#### What you will do
Please figure out how many lines in the material contain "fixes", and give only that number.

#### Data excerpts

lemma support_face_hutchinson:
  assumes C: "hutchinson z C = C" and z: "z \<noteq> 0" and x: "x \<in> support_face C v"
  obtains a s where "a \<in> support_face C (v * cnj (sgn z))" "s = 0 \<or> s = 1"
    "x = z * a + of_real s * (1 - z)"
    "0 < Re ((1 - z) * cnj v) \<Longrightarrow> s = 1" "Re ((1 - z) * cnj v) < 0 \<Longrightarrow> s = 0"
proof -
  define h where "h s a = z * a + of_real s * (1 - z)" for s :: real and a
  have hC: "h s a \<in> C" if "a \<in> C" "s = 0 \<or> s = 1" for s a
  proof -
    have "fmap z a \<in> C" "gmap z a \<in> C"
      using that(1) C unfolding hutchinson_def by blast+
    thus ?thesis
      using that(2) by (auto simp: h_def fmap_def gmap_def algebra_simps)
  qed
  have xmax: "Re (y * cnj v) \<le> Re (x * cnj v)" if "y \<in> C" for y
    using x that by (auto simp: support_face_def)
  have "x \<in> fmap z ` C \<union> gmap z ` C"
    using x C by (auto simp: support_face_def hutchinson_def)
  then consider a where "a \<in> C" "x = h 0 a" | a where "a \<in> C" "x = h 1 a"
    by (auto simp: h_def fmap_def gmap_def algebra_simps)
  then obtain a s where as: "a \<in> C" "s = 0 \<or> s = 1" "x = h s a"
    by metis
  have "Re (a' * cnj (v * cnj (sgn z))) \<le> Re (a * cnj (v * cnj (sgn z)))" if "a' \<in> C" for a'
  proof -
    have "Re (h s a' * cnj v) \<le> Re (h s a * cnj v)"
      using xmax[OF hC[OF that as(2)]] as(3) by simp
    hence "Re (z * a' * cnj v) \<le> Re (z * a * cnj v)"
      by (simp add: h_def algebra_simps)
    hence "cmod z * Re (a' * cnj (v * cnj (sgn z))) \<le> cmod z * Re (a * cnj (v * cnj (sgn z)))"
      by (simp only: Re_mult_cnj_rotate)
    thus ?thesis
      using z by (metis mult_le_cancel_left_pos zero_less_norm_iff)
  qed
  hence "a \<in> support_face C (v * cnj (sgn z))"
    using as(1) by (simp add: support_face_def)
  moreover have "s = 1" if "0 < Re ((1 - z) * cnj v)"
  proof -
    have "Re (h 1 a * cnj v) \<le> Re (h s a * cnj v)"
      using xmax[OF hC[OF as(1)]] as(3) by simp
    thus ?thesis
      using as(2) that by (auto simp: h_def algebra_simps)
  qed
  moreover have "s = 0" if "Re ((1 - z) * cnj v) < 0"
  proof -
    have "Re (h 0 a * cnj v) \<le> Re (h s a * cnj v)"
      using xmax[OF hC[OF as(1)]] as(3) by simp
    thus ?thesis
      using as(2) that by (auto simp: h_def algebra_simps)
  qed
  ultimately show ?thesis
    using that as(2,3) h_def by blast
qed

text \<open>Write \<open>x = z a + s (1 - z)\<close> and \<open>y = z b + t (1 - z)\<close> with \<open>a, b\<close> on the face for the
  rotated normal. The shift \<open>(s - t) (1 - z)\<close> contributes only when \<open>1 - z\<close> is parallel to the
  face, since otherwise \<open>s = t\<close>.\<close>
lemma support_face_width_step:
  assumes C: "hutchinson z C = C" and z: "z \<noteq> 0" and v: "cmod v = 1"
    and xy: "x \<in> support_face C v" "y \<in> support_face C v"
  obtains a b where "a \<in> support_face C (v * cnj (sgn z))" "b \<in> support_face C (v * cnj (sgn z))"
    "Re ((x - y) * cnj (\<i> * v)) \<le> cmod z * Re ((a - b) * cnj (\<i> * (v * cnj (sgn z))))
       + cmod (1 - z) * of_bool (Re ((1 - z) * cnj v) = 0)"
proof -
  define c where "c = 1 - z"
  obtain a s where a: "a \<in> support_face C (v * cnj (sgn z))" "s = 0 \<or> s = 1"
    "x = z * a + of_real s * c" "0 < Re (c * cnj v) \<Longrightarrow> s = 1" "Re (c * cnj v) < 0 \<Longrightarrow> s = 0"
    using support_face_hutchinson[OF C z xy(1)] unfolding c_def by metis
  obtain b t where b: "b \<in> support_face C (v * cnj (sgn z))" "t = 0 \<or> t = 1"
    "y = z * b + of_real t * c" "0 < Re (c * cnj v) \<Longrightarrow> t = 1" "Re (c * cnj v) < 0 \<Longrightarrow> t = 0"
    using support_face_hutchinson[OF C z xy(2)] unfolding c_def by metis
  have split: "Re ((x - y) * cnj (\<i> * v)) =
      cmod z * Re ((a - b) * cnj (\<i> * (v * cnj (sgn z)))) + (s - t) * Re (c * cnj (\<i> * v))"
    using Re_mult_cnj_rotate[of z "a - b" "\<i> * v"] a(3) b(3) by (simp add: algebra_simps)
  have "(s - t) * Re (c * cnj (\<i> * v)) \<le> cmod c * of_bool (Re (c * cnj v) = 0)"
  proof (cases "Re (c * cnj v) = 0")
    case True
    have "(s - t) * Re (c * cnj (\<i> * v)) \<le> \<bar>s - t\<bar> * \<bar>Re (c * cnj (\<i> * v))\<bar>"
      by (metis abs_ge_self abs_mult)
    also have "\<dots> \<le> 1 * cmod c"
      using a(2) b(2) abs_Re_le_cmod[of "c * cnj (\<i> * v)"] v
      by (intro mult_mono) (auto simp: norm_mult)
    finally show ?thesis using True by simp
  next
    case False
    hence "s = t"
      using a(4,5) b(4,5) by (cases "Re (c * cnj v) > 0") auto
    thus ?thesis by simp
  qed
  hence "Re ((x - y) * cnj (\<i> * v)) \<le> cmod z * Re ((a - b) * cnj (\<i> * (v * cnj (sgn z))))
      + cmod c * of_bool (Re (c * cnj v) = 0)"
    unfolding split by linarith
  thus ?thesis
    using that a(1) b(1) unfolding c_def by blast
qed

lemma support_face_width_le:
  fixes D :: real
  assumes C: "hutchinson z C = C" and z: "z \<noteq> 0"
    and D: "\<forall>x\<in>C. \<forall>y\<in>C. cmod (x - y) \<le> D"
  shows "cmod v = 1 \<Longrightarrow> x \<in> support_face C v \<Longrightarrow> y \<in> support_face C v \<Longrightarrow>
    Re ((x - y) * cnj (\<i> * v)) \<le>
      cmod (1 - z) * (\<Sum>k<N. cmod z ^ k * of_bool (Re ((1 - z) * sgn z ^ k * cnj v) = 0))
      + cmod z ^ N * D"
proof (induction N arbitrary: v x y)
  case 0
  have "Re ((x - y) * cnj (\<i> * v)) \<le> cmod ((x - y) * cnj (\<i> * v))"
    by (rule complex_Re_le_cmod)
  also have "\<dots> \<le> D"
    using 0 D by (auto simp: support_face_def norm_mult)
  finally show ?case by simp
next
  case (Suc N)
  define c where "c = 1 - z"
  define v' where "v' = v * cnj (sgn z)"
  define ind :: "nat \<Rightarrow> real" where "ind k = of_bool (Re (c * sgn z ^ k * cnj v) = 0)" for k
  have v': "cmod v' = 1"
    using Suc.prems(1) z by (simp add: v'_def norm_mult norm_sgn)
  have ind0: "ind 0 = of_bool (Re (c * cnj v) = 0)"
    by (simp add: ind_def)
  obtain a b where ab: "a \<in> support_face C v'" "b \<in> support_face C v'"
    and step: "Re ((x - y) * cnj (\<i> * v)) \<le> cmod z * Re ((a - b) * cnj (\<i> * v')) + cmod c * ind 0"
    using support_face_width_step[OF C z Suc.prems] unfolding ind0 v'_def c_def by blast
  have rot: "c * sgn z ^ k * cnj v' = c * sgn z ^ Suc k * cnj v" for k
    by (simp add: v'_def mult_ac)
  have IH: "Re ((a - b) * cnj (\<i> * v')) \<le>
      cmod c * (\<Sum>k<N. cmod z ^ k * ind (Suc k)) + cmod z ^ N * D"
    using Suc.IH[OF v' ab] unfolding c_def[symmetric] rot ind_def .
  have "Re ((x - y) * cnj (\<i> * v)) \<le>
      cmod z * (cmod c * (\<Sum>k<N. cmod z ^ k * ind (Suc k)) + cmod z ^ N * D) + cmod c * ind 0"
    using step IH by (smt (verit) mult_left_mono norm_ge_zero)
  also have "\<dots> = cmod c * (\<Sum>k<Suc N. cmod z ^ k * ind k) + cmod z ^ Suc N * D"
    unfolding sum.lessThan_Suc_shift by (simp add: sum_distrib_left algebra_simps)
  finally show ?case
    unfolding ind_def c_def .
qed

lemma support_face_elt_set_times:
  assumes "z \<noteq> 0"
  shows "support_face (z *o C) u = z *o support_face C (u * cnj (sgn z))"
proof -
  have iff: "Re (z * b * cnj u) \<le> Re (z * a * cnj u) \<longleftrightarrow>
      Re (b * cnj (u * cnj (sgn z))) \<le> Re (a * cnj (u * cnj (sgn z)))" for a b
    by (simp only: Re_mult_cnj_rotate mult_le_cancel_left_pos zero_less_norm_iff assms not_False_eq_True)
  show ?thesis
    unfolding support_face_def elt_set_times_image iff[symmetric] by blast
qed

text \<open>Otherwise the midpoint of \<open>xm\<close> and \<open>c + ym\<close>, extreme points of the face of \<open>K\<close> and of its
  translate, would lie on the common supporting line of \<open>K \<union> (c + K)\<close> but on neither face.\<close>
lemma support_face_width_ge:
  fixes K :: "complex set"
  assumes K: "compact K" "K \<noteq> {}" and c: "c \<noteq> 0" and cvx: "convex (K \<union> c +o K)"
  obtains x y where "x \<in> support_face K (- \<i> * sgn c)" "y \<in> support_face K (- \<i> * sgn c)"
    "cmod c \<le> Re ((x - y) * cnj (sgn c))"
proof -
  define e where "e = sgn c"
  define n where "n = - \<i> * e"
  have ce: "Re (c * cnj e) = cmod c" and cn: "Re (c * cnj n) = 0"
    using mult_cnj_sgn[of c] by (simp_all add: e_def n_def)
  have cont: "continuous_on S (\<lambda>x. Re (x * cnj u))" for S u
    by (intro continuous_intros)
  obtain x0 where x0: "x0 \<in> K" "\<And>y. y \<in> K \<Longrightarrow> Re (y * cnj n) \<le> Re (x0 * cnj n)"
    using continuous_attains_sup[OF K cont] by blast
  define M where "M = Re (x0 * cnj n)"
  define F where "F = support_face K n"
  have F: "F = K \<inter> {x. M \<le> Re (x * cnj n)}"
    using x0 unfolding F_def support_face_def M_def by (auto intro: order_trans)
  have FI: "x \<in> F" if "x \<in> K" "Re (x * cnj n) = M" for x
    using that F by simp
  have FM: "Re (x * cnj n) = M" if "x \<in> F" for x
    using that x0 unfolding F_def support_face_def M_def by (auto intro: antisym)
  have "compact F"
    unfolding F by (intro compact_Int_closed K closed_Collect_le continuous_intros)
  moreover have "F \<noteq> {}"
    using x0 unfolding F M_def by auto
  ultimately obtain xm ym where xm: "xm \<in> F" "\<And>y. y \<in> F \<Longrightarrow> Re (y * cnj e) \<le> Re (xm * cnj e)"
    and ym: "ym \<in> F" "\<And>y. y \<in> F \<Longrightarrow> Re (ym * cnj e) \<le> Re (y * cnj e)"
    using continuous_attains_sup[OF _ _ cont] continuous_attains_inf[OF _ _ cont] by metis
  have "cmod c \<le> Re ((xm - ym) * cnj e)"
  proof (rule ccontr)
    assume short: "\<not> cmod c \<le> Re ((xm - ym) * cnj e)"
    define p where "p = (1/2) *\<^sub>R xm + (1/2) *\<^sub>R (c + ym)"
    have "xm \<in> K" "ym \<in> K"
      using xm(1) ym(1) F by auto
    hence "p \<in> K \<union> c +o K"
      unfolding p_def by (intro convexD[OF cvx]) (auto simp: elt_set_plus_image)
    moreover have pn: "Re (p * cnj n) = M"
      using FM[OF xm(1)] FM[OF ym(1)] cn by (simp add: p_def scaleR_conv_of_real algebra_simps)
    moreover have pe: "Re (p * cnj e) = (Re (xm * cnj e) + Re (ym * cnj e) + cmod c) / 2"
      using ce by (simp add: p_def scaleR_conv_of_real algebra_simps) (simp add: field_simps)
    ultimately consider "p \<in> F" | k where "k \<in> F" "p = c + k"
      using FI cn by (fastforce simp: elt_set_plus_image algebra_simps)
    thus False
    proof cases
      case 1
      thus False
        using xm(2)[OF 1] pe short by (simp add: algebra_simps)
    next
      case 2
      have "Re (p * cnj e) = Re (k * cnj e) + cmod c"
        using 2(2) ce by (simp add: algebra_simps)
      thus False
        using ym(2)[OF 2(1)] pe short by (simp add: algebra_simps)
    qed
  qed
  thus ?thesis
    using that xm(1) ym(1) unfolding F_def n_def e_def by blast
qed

==

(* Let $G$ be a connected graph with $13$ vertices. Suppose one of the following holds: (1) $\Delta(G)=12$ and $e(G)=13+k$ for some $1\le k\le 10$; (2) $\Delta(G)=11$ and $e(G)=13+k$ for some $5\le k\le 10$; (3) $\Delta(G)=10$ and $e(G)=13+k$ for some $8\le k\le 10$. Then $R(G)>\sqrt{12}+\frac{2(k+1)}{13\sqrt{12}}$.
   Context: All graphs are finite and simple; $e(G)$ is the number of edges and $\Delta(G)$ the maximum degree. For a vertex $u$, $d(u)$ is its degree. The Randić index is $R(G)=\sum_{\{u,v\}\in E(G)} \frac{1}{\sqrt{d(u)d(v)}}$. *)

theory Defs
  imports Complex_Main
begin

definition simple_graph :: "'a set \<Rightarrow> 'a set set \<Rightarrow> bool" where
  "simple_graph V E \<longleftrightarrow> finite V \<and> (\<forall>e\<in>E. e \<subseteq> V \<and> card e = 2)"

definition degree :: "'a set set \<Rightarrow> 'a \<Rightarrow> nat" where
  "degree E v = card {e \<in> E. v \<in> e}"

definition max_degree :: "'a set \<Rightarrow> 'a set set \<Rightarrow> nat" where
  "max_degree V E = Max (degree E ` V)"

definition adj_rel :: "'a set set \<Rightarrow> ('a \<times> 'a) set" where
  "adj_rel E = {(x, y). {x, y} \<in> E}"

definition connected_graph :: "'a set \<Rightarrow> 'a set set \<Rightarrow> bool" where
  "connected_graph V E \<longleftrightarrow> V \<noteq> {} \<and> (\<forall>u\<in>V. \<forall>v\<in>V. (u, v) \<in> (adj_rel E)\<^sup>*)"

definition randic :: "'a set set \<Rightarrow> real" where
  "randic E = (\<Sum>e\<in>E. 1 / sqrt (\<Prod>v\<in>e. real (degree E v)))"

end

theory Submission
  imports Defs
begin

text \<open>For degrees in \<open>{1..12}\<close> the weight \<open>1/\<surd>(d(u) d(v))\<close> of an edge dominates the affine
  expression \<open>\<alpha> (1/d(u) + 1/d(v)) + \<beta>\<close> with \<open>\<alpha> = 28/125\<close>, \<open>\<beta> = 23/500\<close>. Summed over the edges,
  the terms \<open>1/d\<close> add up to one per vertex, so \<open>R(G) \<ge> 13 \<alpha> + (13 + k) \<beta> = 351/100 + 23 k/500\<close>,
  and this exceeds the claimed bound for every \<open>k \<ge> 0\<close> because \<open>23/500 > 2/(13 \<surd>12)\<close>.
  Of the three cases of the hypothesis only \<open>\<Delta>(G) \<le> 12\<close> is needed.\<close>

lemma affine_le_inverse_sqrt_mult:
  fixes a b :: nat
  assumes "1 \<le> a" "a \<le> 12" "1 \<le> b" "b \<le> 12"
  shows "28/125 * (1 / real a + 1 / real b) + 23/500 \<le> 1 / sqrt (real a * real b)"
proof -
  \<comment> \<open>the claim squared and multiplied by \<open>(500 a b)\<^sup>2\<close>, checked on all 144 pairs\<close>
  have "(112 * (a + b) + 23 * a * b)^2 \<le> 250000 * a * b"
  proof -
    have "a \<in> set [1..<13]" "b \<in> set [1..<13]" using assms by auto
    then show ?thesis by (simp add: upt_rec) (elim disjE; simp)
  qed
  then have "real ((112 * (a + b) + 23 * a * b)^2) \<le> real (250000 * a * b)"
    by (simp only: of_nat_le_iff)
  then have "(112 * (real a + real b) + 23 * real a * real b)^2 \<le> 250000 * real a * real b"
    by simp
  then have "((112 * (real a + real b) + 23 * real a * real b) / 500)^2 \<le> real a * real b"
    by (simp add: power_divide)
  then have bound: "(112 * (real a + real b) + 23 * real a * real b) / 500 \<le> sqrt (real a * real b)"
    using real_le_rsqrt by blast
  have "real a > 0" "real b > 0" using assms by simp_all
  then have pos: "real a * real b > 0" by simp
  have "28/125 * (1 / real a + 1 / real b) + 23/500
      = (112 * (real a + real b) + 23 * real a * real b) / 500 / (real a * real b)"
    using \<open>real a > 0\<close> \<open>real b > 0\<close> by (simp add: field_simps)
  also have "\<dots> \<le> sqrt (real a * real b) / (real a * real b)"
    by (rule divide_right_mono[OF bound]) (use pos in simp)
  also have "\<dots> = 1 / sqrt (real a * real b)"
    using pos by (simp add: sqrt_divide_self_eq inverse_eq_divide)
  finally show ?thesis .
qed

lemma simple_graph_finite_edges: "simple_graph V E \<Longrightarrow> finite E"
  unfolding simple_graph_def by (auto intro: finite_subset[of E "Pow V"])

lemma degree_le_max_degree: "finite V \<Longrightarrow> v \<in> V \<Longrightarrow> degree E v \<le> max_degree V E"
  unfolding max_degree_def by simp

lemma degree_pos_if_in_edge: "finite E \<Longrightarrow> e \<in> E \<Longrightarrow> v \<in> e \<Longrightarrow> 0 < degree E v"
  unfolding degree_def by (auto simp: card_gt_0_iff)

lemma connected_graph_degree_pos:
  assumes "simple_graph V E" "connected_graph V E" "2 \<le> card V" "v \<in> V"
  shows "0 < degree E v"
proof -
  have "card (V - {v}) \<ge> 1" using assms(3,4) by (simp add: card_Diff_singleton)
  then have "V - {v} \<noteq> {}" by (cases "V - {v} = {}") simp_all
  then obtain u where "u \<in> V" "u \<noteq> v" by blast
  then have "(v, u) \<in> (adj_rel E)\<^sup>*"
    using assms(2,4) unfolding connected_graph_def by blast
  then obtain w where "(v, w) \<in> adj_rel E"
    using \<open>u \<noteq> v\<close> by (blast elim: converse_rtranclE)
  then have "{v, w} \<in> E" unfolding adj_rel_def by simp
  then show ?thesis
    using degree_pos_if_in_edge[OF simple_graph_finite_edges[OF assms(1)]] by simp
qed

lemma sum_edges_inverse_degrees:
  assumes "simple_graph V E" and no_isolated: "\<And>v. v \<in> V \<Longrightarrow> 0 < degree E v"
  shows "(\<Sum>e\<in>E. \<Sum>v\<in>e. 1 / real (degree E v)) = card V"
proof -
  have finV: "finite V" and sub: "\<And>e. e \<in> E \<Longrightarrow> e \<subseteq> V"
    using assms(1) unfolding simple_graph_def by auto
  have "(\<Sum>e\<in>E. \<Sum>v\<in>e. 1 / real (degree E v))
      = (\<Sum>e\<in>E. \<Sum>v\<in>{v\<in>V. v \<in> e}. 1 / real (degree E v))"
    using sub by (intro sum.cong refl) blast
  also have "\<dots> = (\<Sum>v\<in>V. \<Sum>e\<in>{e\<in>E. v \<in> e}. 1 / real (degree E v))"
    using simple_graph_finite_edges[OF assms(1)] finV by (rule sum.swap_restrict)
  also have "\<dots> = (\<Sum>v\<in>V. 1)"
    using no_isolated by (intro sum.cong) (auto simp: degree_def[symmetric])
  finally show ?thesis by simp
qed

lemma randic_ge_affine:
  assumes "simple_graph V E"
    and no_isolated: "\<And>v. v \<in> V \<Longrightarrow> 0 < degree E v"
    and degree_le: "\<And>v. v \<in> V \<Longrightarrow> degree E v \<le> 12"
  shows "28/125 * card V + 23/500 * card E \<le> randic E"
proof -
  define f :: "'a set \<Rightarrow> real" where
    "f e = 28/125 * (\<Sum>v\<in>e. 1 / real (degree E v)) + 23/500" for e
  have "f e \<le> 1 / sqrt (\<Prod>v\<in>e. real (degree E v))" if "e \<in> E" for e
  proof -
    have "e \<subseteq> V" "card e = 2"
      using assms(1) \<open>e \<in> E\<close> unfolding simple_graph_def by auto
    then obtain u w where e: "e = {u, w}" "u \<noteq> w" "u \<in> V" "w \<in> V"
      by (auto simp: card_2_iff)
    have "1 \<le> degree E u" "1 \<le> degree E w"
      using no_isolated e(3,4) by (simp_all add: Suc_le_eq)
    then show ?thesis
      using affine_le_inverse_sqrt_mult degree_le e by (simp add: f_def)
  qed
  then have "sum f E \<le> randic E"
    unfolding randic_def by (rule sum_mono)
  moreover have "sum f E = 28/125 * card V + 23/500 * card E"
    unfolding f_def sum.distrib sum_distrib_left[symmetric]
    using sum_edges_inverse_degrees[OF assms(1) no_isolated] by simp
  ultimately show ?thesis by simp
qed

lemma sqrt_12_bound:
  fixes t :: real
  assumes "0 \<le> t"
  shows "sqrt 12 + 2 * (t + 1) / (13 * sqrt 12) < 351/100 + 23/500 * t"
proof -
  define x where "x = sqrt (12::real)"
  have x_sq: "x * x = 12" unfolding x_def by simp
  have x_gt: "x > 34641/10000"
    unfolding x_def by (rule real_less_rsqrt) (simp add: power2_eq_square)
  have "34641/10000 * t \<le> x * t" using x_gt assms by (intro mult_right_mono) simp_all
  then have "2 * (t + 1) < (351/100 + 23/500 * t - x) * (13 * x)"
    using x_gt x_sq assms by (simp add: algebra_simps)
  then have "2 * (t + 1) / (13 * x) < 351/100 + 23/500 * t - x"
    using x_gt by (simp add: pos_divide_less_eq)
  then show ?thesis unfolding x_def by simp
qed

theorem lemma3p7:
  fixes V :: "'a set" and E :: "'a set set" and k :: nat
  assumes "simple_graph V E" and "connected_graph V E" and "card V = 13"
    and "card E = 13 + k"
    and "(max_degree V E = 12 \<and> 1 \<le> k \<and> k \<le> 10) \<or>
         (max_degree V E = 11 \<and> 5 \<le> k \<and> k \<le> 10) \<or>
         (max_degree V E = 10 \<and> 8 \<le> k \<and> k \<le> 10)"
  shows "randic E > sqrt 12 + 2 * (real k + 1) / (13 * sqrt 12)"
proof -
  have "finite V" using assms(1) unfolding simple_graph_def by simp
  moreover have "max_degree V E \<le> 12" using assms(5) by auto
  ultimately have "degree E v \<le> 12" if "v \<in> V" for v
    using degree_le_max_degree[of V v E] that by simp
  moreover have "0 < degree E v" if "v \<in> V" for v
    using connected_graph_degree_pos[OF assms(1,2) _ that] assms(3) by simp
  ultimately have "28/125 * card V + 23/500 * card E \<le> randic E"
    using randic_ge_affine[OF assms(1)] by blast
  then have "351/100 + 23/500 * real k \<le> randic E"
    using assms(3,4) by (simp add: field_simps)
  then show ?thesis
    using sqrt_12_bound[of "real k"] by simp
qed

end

#### Answer to the exercise
5